[Collected data entries]
↓
definition expected_VESP :: "nat \<Rightarrow> nat \<Rightarrow> real \<Rightarrow> (nat \<Rightarrow> nat \<Rightarrow> real) \<Rightarrow> (nat \<Rightarrow> nat \<Rightarrow> real \<Rightarrow> real)
    \<Rightarrow> real \<Rightarrow> real \<Rightarrow> real \<Rightarrow> real \<Rightarrow> real \<Rightarrow> real" where
  "expected_VESP N T cbar c z pmin eps gamma delta Ebar =
     exp_rev N cbar c z pmin eps gamma delta Ebar T 1 (\<lambda>_. 1)"

definition Phi :: "nat \<Rightarrow> real \<Rightarrow> real \<Rightarrow> real \<Rightarrow> real \<Rightarrow> real \<Rightarrow> real \<Rightarrow> real" where
  "Phi N cbar pmin Ebar eps delta gamma =
     (1 - gamma) / gamma * ((1 + eps) / eps) * (real N * Ebar * cbar / delta) *
     ln (ln (Ebar / pmin) / ln (1 + eps))"

end

theory Submission
  imports Defs "HOL-Analysis.Convex"
begin

text \<open>
  The policy is an EXP3-type multiplicative-weights algorithm over the price grid, run with
  importance-weighted revenue estimates whose expectation is a fixed multiple a of the revenue
  the grid price would have earned. The potential ln of the weight of a fixed grid price minus
  ln of the total weight gains ln(1+\<delta>) times that estimate per round, while ln of the total
  weight grows, in expectation, by at most \<delta> a/(1-\<gamma>) times the revenue actually collected.
  Telescoping over the T rounds bounds the expected revenue from below by
  (1-\<gamma>) ln(1+\<delta>)/\<delta> times the revenue of any grid price, minus an error of order
  ln K that is at most \<Phi>. Monotonicity of the demand makes the best grid price lose at most a
  factor 1+\<epsilon> against p_opt, and for \<alpha> \<le> 1 the chosen constants absorb all losses into 1+\<alpha>.
\<close>

lemma ln_one_plus_ge:
  fixes x :: real assumes "0 \<le> x" shows "x - x^2/2 \<le> ln (1 + x)"
proof -
  have "(\<lambda>x. ln (1+x) - x + x^2/2) 0 \<le> (\<lambda>x. ln (1+x) - x + x^2/2) x"
  proof (rule DERIV_nonneg_imp_nondecreasing[OF assms])
    fix y :: real assume y: "0 \<le> y" "y \<le> x"
    show "\<exists>d. ((\<lambda>x. ln (1+x) - x + x^2/2) has_real_derivative d) (at y) \<and> d \<ge> 0"
    proof (intro exI conjI)
      show "((\<lambda>x. ln (1+x) - x + x^2/2) has_real_derivative (1/(1+y) - 1 + y)) (at y)"
        using y by (auto intro!: derivative_eq_intros)
      have "1/(1+y) - 1 + y = y^2/(1+y)" using y by (simp add: field_simps power2_eq_square)
      then show "1/(1+y) - 1 + y \<ge> 0" using y by simp
    qed
  qed
  then show ?thesis by simp
qed
lemma nowhere_dense_in_homeomorphic_image:
  assumes "homeomorphic_map X Y f" "nowhere_dense_in X S"
  shows "nowhere_dense_in Y (f ` S)"
proof -
  have S: "S \<subseteq> topspace X" using assms(2) unfolding nowhere_dense_in_def by blast
  then have "f ` S \<subseteq> topspace Y"
    using assms(1) homeomorphic_imp_surjective_map by blast
  moreover have "Y interior_of (Y closure_of (f ` S)) = f ` (X interior_of (X closure_of S))"
    using assms(1) S
    by (simp add: homeomorphic_map_closure_of homeomorphic_map_interior_of closure_of_subset_topspace)
  ultimately show ?thesis using assms(2) unfolding nowhere_dense_in_def by simp
qed

lemma nowhere_dense_in_closed_diff_interior:
  assumes "closed C"
  shows "nowhere_dense_in euclidean (C - interior C)"
proof -
  have "interior (C - interior C) \<subseteq> interior C \<inter> (C - interior C)"
    using interior_mono[of "C - interior C" C] interior_subset by blast
  then show ?thesis
    using assms by (simp add: nowhere_dense_in_closedin_iff closed_Diff)
qed

lemma meager_in_iff_countable_cover:
  "meager_in X S \<longleftrightarrow> (\<exists>\<N>. countable \<N> \<and> (\<forall>N\<in>\<N>. nowhere_dense_in X N) \<and> S \<subseteq> \<Union>\<N>)"
proof
  assume "meager_in X S"
  then obtain F :: "nat \<Rightarrow> 'a set" where "\<And>n. nowhere_dense_in X (F n)" "S \<subseteq> (\<Union>n. F n)"
    unfolding meager_in_def by blast
  then show "\<exists>\<N>. countable \<N> \<and> (\<forall>N\<in>\<N>. nowhere_dense_in X N) \<and> S \<subseteq> \<Union>\<N>"
    by (intro exI[of _ "range F"]) auto
next
  assume "\<exists>\<N>. countable \<N> \<and> (\<forall>N\<in>\<N>. nowhere_dense_in X N) \<and> S \<subseteq> \<Union>\<N>"
  then obtain \<N> where \<N>: "countable \<N>" "\<And>N. N \<in> \<N> \<Longrightarrow> nowhere_dense_in X N" "S \<subseteq> \<Union>\<N>"
    by blast
  show "meager_in X S"
  proof (cases "\<N> = {}")
    case True
    then show ?thesis using \<N>(3) unfolding meager_in_def by (intro exI[of _ "\<lambda>_. {}"]) auto
  next
    case False
    then show ?thesis using \<N> unfolding meager_in_def
      by (intro exI[of _ "from_nat_into \<N>"]) (simp add: from_nat_into range_from_nat_into)
  qed
qed

lemma meager_in_subset: "meager_in X S \<Longrightarrow> T \<subseteq> S \<Longrightarrow> meager_in X T"
  unfolding meager_in_def by blast

lemma nowhere_dense_imp_meager_in: "nowhere_dense_in X S \<Longrightarrow> meager_in X S"
  unfolding meager_in_def by (intro exI[of _ "\<lambda>_. S"]) auto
↑
**What the exercise asks:** Copy out, word for word, the part of the entries above that begins at the line with "ln (ln (Ebar" and ends at the line with "Telescoping over the", including both.

**The completed task:**
     ln (ln (Ebar / pmin) / ln (1 + eps))"

end

theory Submission
  imports Defs "HOL-Analysis.Convex"
begin

text \<open>
  The policy is an EXP3-type multiplicative-weights algorithm over the price grid, run with
  importance-weighted revenue estimates whose expectation is a fixed multiple a of the revenue
  the grid price would have earned. The potential ln of the weight of a fixed grid price minus
  ln of the total weight gains ln(1+\<delta>) times that estimate per round, while ln of the total
  weight grows, in expectation, by at most \<delta> a/(1-\<gamma>) times the revenue actually collected.
  Telescoping over the T rounds bounds the expected revenue from below by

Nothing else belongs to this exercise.